* **Directions**
Copy out all lines in the data below containing the string "intro".

* **Records provided**
○ ○ ○

lemma has_real_derivative_harmonic_point:
  assumes "t * b + (1 - t) * a \<noteq> 0"
  shows "(harmonic_point a b has_real_derivative - (a * b * (b - a)) / (t * b + (1 - t) * a)^2) (at t)"
  unfolding harmonic_point_def
  using assms by (auto intro!: derivative_eq_intros simp: field_simps power2_eq_square)

lemma has_real_derivative_comp_harmonic_point:
  fixes f :: "real \<Rightarrow> real"
  assumes ab: "0 < a" "a < b" and t: "t \<in> {0..1}"
    and diff: "f differentiable (at (harmonic_point a b t))"
  shows "((\<lambda>t. f (harmonic_point a b t)) has_real_derivative
           - (a * b * (b - a)) * (deriv f (harmonic_point a b t) / (t * b + (1 - t) * a)^2)) (at t)"
proof -
  have f': "(f has_real_derivative deriv f (harmonic_point a b t)) (at (harmonic_point a b t))"
    using diff by (simp add: DERIV_deriv_iff_real_differentiable)
  have "t * b + (1 - t) * a \<noteq> 0"
    using harmonic_point_denominator_pos[of a b t] ab t by simp
  from DERIV_chain2[OF f' has_real_derivative_harmonic_point[OF this]] show ?thesis
    by (simp add: mult.commute)
qed

lemma inj_on_harmonic_point:
  assumes "0 < a" "a < b"
  shows "inj_on (harmonic_point a b) {0..1}"
proof (rule inj_onI)
  have ne: "a \<noteq> 0" "b \<noteq> 0" "1/a - 1/b \<noteq> 0" using assms by auto
  fix s t assume "harmonic_point a b s = harmonic_point a b t"
  then have "1 / harmonic_point a b s = 1 / harmonic_point a b t" by (rule arg_cong)
  then have "s * (1/a - 1/b) = t * (1/a - 1/b)" by (simp only: inverse_harmonic_point[OF ne(1,2)])
  with ne(3) show "s = t" by simp
qed

lemma absolutely_integrable_comp_harmonic_point:
  fixes g :: "real \<Rightarrow> real"
  assumes "0 < a" "a < b" and g: "g absolutely_integrable_on {a..b}"
  shows "(\<lambda>t. g (harmonic_point a b t) / (t * b + (1 - t) * a)^2) absolutely_integrable_on {0..1}"
proof -
  have deriv: "(harmonic_point a b has_real_derivative
           - (a * b * (b - a)) / (t * b + (1 - t) * a)^2) (at t within {0..1})" if "t \<in> {0..1}" for t
  proof -
    have "0 < t * b + (1 - t) * a" using assms that by (intro harmonic_point_denominator_pos) auto
    then show ?thesis
      by (intro has_field_derivative_at_within[OF has_real_derivative_harmonic_point]) simp
  qed
  have "g absolutely_integrable_on harmonic_point a b ` {0..1}"
    using g harmonic_point_image[OF assms(1,2)] by simp
  then have "(\<lambda>t. \<bar>- (a * b * (b - a)) / (t * b + (1 - t) * a)^2\<bar> *\<^sub>R g (harmonic_point a b t))
          absolutely_integrable_on {0..1}"
    using absolutely_integrable_change_of_variables_real[OF _ deriv inj_on_harmonic_point[OF assms(1,2)],
        where f = g] by simp
  then have "(\<lambda>t. (1 / (a * b * (b - a))) *\<^sub>R (\<bar>- (a * b * (b - a)) / (t * b + (1 - t) * a)^2\<bar>
                 *\<^sub>R g (harmonic_point a b t))) absolutely_integrable_on {0..1}"
    by (rule absolutely_integrable_scaleR_left)
  then show ?thesis
    by (rule absolutely_integrable_spike[OF _ negligible_empty]) (use assms in \<open>simp add: abs_mult\<close>)
qed

lemma has_integral_reciprocal_harmonic_point:
  fixes \<phi> f :: "real \<Rightarrow> real"
  assumes ab: "0 < a" "a < b"
    and X: "((\<lambda>t. \<phi> t * f (harmonic_point a b t)) has_integral X) {0..1}"
  shows "((\<lambda>x. \<phi> ((x - 1/b) / (1/a - 1/b)) * f (1/x)) has_integral (1/a - 1/b) * X) {1/b..1/a}"
proof -
  have lohi: "1/b < 1/a" using ab by (simp add: frac_less2)
  have "harmonic_point a b ((x - 1/b) / (1/a - 1/b)) = 1/x" for x
  proof -
    have "1 / harmonic_point a b ((x - 1/b) / (1/a - 1/b)) = x"
      using ab lohi by (simp add: inverse_harmonic_point)
    then show ?thesis by (metis inverse_eq_divide inverse_inverse_eq)
  qed
  then show ?thesis
    using has_integral_unit_interval_rescale[OF lohi X] by simp
qed

section \<open>An integral identity for I_f\<close>

lemma RL_right_reciprocal_eq:
  fixes f :: "real \<Rightarrow> real"
  assumes ab: "0 < a" "a < b"
    and X: "((\<lambda>t. t powr (\<theta> - 1) * f (harmonic_point a b t)) has_integral X) {0..1}"
  shows "RL_right (1/a) \<theta> (f \<circ> (\<lambda>x. 1/x)) (1/b) = (1/a - 1/b) powr \<theta> * X / Gamma \<theta>"
proof -
  define c where "c = 1/a - 1/b"
  have c: "c > 0" using ab by (simp add: c_def frac_less2)
  have "((\<lambda>t. (c powr (\<theta> - 1) * t powr (\<theta> - 1)) * f (harmonic_point a b t)) has_integral
          c powr (\<theta> - 1) * X) {0..1}"
    using has_integral_mult_right[OF X] by (simp add: mult.assoc)
  from has_integral_reciprocal_harmonic_point[OF ab this]
  have "((\<lambda>x. (c powr (\<theta> - 1) * ((x - 1/b) / c) powr (\<theta> - 1)) * f (1/x)) has_integral
          c * (c powr (\<theta> - 1) * X)) {1/b..1/a}"
    by (simp add: c_def)
  then have "((\<lambda>x. (x - 1/b) powr (\<theta> - 1) * f (1/x)) has_integral c powr \<theta> * X) {1/b..1/a}"
    using c powr_mult_base[of c "\<theta> - 1"] by (simp add: powr_divide mult.assoc[symmetric])
  then have "integral {1/b..1/a} (\<lambda>x. (x - 1/b) powr (\<theta> - 1) * f (1/x)) = c powr \<theta> * X"
    by (rule integral_unique)
  then show ?thesis
    unfolding RL_right_def o_def c_def by (rule arg_cong[where f = "\<lambda>y. y / Gamma \<theta>"])
qed

lemma RL_left_reciprocal_eq:
  fixes f :: "real \<Rightarrow> real"
  assumes ab: "0 < a" "a < b"
    and X: "((\<lambda>t. (1 - t) powr (\<theta> - 1) * f (harmonic_point a b t)) has_integral X) {0..1}"
  shows "RL_left (1/b) \<theta> (f \<circ> (\<lambda>x. 1/x)) (1/a) = (1/a - 1/b) powr \<theta> * X / Gamma \<theta>"
proof -
  define c where "c = 1/a - 1/b"
  have c: "c > 0" using ab by (simp add: c_def frac_less2)
  have "((\<lambda>t. (c powr (\<theta> - 1) * (1 - t) powr (\<theta> - 1)) * f (harmonic_point a b t)) has_integral
          c powr (\<theta> - 1) * X) {0..1}"
    using has_integral_mult_right[OF X] by (simp add: mult.assoc)
  from has_integral_reciprocal_harmonic_point[OF ab this]
  have "((\<lambda>x. (c powr (\<theta> - 1) * (1 - (x - 1/b) / c) powr (\<theta> - 1)) * f (1/x)) has_integral
          c * (c powr (\<theta> - 1) * X)) {1/b..1/a}"
    by (simp add: c_def)
  moreover have "1 - (x - 1/b) / c = (1/a - x) / c" for x
  proof -
    have "1 - (x - 1/b) / c = (c - (x - 1/b)) / c" using c by (simp add: diff_divide_distrib)
    then show ?thesis by (simp add: c_def)
  qed
  ultimately have "((\<lambda>x. (1/a - x) powr (\<theta> - 1) * f (1/x)) has_integral c powr \<theta> * X) {1/b..1/a}"
    using c powr_mult_base[of c "\<theta> - 1"] by (simp add: powr_divide mult.assoc[symmetric])
  then have "integral {1/b..1/a} (\<lambda>x. (1/a - x) powr (\<theta> - 1) * f (1/x)) = c powr \<theta> * X"
    by (rule integral_unique)
  then show ?thesis
    unfolding RL_left_def o_def c_def by (rule arg_cong[where f = "\<lambda>y. y / Gamma \<theta>"])
qed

○ ○ ○

* **Finished exercise**
  using assms by (auto intro!: derivative_eq_intros simp: field_simps power2_eq_square)
    have "0 < t * b + (1 - t) * a" using assms that by (intro harmonic_point_denominator_pos) auto
      by (intro has_field_derivative_at_within[OF has_real_derivative_harmonic_point]) simp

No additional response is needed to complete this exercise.